DATASET:
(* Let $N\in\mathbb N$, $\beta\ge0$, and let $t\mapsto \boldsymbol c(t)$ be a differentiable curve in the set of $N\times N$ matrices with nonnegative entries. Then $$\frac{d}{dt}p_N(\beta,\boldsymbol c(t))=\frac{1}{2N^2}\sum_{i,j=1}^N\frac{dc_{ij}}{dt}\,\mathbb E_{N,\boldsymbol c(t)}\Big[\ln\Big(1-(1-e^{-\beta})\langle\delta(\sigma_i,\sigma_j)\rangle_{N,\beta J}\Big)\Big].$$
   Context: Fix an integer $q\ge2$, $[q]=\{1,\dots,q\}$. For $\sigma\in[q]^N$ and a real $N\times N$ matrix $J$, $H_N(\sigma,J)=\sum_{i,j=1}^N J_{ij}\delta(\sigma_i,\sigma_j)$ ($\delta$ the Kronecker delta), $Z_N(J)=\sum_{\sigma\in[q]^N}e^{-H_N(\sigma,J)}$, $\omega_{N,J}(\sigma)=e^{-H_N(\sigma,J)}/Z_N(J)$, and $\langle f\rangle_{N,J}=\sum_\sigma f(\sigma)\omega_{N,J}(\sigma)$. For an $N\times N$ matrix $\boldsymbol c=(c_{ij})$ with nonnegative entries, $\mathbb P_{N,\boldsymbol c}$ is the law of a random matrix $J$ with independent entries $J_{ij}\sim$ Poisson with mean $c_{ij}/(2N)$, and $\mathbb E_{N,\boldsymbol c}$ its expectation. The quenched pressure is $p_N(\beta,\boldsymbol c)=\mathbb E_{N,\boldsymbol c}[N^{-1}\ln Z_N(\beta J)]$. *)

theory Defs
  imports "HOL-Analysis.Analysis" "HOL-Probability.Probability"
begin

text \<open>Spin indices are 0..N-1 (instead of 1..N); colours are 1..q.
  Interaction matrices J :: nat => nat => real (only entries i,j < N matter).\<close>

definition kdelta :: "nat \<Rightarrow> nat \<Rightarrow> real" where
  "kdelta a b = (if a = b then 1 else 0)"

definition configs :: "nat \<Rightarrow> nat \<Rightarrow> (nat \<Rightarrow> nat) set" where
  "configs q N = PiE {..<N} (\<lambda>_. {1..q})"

ACTION ITEM:
Please go through the data above and copy each line that has the word "where".

EXPECTED ANSWER:
definition kdelta :: "nat \<Rightarrow> nat \<Rightarrow> real" where
definition configs :: "nat \<Rightarrow> nat \<Rightarrow> (nat \<Rightarrow> nat) set" where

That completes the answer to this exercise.